» **What is expected**
From the line that contains "continuous_on UNIV \<gamma>''" through the line that contains "(\<exists>\<Omega>. open \<Omega>", output every line of the listing below exactly and leave out all the rest.

# # # # #

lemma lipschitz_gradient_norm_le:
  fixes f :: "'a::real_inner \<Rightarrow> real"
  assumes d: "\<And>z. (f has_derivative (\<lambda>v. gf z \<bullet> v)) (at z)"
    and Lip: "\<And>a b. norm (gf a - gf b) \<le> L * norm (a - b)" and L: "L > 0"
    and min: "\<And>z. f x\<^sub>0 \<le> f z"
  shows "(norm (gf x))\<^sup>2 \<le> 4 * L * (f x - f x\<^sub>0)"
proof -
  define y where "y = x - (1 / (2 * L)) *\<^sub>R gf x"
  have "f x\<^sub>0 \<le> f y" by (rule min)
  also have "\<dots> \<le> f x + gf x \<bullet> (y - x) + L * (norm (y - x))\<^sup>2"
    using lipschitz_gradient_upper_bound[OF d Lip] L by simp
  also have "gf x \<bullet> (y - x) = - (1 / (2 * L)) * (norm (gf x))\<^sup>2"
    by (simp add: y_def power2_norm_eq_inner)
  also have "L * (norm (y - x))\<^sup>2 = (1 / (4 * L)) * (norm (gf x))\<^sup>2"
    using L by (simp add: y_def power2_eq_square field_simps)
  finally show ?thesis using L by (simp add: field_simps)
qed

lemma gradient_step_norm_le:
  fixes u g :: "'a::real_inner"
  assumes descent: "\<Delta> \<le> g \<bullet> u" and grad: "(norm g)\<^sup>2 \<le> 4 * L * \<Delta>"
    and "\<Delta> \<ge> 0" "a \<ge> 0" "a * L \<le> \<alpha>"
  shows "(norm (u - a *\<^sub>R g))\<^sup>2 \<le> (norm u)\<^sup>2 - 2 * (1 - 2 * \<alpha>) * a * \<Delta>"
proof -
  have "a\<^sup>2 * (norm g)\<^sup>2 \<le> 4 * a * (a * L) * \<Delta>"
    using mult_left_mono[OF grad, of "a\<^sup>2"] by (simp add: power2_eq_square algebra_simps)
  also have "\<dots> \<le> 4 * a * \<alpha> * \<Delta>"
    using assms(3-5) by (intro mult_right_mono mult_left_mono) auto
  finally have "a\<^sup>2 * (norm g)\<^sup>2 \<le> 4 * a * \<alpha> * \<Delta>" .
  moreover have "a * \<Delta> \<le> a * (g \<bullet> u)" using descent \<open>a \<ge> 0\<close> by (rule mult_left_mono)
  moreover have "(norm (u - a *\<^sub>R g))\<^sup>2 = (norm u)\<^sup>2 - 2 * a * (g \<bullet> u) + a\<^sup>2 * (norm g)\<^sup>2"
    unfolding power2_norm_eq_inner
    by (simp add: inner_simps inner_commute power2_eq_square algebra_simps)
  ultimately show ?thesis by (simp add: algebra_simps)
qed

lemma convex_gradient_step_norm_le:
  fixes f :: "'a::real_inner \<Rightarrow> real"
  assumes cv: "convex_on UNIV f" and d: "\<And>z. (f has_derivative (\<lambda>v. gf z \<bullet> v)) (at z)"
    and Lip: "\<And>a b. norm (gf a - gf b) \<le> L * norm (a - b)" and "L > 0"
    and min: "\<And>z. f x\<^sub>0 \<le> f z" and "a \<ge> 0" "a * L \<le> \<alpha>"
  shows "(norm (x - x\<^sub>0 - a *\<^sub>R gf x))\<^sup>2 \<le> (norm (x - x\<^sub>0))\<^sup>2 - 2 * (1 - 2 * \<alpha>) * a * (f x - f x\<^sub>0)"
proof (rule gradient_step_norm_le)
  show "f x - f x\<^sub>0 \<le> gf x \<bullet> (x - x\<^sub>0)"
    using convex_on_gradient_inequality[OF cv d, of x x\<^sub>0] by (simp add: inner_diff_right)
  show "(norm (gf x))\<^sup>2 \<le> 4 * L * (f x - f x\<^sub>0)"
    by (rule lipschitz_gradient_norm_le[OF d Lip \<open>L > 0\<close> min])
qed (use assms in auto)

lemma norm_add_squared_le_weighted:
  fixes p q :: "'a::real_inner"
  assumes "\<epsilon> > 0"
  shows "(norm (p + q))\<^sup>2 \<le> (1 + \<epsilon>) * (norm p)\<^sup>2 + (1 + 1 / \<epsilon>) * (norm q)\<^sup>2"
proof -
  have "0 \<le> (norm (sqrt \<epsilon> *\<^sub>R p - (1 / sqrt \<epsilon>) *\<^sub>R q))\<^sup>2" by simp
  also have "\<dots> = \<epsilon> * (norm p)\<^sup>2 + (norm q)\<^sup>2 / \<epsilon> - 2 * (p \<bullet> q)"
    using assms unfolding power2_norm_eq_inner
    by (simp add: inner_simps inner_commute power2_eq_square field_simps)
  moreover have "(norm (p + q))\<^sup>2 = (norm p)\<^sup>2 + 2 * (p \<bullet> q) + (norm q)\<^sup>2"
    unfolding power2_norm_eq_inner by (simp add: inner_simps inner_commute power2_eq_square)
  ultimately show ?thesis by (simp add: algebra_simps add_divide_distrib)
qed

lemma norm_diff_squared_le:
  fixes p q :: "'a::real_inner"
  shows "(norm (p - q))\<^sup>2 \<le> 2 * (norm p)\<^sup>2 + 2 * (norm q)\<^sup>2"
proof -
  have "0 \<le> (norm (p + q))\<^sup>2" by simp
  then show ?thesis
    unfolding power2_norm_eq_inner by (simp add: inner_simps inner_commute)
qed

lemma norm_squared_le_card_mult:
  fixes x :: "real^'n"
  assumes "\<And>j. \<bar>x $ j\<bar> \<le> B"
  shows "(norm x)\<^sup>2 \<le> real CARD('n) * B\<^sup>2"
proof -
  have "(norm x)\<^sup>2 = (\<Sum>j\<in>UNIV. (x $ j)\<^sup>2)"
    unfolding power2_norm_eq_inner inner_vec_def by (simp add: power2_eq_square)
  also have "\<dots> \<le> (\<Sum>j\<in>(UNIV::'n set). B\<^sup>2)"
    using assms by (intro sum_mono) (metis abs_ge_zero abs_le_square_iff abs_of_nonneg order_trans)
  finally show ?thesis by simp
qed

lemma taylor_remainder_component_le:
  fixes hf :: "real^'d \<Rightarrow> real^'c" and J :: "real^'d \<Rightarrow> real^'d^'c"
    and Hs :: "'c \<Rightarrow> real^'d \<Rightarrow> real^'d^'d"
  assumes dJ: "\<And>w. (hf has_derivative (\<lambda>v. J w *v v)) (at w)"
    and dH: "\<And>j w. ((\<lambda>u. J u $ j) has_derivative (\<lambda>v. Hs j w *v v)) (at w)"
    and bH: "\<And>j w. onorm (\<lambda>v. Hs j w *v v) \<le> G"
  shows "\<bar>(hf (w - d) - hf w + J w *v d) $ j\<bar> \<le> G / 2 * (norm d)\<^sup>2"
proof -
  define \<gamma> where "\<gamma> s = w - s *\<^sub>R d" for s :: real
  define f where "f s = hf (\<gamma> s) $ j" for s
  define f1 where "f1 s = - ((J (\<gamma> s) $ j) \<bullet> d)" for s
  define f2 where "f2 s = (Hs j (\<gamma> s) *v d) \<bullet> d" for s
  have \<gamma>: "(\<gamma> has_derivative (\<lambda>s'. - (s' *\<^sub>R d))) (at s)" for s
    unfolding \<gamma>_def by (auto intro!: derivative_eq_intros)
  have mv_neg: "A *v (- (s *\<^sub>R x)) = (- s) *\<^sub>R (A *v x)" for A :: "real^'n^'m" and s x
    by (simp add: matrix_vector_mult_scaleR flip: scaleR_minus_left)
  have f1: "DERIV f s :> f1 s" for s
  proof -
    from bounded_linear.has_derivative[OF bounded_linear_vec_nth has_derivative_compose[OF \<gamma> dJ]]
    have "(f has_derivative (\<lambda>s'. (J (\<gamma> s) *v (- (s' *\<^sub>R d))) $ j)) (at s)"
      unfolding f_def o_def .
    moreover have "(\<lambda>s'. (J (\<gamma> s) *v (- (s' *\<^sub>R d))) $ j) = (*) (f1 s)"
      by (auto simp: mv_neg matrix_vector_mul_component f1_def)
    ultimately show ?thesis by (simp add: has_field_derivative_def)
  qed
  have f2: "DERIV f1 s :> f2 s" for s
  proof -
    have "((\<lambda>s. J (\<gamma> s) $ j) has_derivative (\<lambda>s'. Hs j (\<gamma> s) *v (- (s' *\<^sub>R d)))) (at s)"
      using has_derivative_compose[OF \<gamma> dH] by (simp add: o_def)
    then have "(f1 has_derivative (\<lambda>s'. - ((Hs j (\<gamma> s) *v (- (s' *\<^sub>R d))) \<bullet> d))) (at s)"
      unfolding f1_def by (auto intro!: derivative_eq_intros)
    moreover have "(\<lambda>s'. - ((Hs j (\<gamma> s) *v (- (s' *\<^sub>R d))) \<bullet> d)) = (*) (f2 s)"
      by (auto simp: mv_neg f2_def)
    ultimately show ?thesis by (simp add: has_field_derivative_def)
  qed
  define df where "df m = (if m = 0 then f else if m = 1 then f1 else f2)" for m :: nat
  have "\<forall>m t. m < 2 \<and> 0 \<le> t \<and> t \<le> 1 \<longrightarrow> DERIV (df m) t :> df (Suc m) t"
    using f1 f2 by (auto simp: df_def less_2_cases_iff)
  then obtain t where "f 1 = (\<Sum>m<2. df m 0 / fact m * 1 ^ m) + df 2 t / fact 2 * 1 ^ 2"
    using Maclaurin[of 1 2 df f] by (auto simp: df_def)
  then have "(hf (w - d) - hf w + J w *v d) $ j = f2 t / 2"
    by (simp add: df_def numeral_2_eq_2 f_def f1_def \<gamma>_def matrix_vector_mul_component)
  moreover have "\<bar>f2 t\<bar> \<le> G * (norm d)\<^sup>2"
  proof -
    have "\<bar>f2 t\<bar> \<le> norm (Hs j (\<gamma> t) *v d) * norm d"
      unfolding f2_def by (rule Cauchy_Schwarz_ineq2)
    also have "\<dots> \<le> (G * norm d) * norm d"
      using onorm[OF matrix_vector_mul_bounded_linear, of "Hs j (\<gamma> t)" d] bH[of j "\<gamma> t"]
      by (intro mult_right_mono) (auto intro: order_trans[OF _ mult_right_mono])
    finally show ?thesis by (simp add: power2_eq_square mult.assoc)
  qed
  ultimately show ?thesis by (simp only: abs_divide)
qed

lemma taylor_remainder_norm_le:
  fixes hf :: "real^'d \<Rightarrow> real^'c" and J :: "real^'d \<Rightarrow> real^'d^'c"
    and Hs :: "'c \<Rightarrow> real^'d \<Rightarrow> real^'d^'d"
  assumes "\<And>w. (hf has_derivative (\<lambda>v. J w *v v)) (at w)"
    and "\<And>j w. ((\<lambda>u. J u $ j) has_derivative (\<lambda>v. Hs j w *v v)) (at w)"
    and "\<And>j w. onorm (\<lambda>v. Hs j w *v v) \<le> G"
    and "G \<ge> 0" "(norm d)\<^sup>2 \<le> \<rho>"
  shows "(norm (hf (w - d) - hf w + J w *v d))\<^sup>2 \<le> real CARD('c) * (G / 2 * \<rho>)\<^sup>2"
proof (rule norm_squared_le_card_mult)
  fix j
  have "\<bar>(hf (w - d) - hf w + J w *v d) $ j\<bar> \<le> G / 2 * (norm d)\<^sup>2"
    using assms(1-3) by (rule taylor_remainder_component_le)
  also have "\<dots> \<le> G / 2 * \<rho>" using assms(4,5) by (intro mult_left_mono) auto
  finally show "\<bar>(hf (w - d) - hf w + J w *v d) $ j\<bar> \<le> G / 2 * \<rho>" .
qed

# # # # #

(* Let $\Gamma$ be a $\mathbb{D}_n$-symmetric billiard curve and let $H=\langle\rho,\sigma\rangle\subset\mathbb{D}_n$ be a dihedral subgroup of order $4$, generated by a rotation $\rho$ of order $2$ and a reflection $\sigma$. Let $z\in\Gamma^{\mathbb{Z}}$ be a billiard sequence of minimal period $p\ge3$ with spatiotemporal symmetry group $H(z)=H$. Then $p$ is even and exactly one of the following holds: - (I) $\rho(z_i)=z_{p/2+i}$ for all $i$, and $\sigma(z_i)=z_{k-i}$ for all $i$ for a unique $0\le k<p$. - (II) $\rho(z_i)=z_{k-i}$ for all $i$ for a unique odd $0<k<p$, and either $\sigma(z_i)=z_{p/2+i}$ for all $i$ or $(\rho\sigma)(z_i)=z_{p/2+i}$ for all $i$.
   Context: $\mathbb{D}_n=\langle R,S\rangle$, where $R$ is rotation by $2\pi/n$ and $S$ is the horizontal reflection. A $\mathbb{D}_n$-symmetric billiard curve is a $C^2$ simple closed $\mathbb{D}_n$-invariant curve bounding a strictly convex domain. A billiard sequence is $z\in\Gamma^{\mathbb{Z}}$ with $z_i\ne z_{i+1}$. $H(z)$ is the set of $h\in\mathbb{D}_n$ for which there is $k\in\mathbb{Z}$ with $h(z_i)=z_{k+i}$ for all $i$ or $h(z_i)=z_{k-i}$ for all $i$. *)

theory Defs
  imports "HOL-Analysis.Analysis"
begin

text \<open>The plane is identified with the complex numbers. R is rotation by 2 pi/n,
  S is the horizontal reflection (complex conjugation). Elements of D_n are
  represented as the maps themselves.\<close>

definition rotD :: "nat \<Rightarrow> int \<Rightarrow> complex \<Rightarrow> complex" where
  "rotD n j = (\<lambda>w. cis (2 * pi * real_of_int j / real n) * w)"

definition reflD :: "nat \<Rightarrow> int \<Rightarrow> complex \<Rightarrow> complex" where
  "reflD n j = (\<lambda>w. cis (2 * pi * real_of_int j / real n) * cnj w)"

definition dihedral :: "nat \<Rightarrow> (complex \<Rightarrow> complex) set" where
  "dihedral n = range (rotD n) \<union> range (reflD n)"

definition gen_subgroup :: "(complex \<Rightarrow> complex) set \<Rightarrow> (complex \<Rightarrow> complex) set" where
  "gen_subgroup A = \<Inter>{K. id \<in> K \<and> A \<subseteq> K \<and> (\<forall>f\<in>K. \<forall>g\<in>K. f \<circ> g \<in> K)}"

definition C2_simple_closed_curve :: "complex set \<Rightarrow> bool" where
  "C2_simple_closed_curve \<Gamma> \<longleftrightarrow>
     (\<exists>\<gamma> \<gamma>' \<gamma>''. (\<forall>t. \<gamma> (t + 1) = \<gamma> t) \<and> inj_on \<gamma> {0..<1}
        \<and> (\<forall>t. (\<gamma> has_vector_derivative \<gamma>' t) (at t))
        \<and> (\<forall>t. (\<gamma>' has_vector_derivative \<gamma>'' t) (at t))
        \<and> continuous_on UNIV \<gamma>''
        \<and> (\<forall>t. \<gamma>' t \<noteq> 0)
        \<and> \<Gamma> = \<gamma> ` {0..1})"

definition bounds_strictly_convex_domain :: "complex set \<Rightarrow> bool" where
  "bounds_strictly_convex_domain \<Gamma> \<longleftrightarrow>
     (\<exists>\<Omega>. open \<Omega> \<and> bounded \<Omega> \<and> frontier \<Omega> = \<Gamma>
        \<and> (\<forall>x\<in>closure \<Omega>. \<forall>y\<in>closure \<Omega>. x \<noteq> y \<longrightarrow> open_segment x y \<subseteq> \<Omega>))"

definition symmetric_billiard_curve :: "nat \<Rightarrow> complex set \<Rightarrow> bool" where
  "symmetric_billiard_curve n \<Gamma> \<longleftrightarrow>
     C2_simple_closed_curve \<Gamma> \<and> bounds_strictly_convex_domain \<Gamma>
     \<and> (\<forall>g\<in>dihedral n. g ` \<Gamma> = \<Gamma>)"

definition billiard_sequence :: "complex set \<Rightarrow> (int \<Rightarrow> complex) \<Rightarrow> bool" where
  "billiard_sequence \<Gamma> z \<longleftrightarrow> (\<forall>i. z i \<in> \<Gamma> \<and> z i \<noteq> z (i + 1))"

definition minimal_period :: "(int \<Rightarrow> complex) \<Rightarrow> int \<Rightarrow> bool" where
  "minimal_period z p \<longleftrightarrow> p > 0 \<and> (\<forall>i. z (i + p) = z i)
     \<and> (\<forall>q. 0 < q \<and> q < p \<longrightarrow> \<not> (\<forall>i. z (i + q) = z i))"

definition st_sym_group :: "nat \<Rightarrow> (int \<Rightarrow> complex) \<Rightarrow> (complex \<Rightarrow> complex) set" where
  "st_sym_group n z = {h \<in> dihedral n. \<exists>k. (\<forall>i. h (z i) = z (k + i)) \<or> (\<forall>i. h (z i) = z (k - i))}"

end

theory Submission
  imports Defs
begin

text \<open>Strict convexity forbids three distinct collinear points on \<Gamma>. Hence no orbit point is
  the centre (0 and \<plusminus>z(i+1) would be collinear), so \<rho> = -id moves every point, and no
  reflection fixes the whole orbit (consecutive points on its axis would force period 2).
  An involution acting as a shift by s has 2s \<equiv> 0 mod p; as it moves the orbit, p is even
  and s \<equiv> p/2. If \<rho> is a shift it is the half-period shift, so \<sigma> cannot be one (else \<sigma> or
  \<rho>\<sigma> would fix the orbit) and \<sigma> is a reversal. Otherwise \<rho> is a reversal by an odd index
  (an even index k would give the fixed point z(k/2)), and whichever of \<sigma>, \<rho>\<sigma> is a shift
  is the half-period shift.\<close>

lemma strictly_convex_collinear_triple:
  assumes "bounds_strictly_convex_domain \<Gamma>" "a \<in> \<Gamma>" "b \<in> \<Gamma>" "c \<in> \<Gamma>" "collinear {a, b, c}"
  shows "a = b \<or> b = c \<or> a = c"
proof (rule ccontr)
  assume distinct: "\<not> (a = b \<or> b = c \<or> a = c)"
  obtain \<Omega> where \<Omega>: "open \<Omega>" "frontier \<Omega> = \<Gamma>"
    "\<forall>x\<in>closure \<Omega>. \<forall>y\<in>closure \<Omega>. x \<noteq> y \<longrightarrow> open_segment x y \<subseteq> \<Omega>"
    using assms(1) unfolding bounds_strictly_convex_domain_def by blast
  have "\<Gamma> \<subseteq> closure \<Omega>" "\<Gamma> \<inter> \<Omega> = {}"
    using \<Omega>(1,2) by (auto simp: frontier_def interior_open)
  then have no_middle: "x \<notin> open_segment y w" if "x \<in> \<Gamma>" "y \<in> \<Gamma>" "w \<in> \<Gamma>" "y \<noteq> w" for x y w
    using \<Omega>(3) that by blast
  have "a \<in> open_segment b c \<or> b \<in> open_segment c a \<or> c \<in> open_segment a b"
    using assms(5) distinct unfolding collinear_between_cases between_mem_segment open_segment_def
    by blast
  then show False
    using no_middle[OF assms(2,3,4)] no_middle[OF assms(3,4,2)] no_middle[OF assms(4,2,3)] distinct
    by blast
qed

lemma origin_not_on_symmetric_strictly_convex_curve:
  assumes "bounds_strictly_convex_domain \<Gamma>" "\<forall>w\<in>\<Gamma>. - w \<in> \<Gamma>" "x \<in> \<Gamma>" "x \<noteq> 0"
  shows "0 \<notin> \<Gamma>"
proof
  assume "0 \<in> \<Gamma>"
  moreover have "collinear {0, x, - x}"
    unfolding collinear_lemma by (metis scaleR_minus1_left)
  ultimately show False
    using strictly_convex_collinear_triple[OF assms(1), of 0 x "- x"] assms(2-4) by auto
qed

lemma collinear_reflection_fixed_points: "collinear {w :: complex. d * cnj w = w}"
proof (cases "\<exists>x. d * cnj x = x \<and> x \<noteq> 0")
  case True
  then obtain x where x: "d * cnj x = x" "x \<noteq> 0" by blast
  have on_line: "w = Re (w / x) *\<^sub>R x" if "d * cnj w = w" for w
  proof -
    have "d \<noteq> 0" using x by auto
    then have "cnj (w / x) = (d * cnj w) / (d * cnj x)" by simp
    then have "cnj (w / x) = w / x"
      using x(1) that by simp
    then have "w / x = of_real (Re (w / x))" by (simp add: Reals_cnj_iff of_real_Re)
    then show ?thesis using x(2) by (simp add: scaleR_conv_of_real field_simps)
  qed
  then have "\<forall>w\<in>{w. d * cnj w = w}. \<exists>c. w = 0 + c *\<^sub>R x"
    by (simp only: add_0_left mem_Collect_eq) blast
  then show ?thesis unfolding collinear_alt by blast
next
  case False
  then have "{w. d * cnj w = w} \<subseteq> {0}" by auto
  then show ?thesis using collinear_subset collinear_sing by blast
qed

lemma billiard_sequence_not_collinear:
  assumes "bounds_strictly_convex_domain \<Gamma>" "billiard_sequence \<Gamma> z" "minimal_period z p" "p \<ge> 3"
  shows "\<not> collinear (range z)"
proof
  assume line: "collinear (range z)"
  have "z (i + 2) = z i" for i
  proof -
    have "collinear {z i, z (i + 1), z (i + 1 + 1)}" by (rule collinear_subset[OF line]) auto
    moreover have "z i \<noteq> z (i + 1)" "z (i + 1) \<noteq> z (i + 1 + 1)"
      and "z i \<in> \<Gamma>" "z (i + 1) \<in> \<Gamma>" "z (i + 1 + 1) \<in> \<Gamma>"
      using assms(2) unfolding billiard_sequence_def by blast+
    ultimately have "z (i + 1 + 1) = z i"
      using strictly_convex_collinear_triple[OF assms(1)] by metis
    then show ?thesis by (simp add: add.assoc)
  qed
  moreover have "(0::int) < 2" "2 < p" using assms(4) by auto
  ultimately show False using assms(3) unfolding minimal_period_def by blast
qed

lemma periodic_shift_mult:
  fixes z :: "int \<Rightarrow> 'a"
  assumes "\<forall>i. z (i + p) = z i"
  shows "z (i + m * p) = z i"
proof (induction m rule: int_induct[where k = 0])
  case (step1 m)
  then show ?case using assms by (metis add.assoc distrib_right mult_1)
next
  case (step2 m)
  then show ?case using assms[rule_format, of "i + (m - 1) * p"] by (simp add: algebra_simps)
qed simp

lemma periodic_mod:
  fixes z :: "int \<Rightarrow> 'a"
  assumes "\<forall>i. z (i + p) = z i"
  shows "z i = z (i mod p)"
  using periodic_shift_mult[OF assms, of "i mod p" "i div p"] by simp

# # # # #

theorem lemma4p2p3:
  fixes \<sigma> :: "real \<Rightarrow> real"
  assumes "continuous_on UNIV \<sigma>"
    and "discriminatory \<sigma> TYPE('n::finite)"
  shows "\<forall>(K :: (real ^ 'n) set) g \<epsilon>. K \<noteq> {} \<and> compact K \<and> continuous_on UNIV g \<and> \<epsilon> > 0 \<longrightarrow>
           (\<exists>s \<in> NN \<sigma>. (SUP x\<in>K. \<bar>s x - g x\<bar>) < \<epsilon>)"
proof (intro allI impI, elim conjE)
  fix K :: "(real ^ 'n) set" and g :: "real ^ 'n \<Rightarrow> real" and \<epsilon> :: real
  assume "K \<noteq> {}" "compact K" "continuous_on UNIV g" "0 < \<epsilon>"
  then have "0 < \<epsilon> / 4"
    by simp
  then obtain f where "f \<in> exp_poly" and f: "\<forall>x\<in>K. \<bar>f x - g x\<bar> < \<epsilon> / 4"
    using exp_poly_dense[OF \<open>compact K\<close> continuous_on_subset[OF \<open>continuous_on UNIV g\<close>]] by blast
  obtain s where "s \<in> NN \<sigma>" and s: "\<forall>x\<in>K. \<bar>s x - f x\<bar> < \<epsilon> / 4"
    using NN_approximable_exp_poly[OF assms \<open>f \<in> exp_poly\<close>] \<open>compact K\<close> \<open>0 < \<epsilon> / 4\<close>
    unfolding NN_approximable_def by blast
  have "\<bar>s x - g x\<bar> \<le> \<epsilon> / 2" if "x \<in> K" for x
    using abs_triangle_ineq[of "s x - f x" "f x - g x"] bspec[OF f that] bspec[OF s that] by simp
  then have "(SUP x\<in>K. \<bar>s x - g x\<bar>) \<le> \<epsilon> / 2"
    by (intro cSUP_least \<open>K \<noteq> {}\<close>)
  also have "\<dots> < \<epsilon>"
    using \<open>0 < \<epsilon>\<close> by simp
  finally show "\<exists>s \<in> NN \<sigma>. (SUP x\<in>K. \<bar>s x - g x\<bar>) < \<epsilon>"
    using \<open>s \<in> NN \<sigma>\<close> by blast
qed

# # # # #

» **Solved problem**
        \<and> continuous_on UNIV \<gamma>''
        \<and> (\<forall>t. \<gamma>' t \<noteq> 0)
        \<and> \<Gamma> = \<gamma> ` {0..1})"

definition bounds_strictly_convex_domain :: "complex set \<Rightarrow> bool" where
  "bounds_strictly_convex_domain \<Gamma> \<longleftrightarrow>
     (\<exists>\<Omega>. open \<Omega> \<and> bounded \<Omega> \<and> frontier \<Omega> = \<Gamma>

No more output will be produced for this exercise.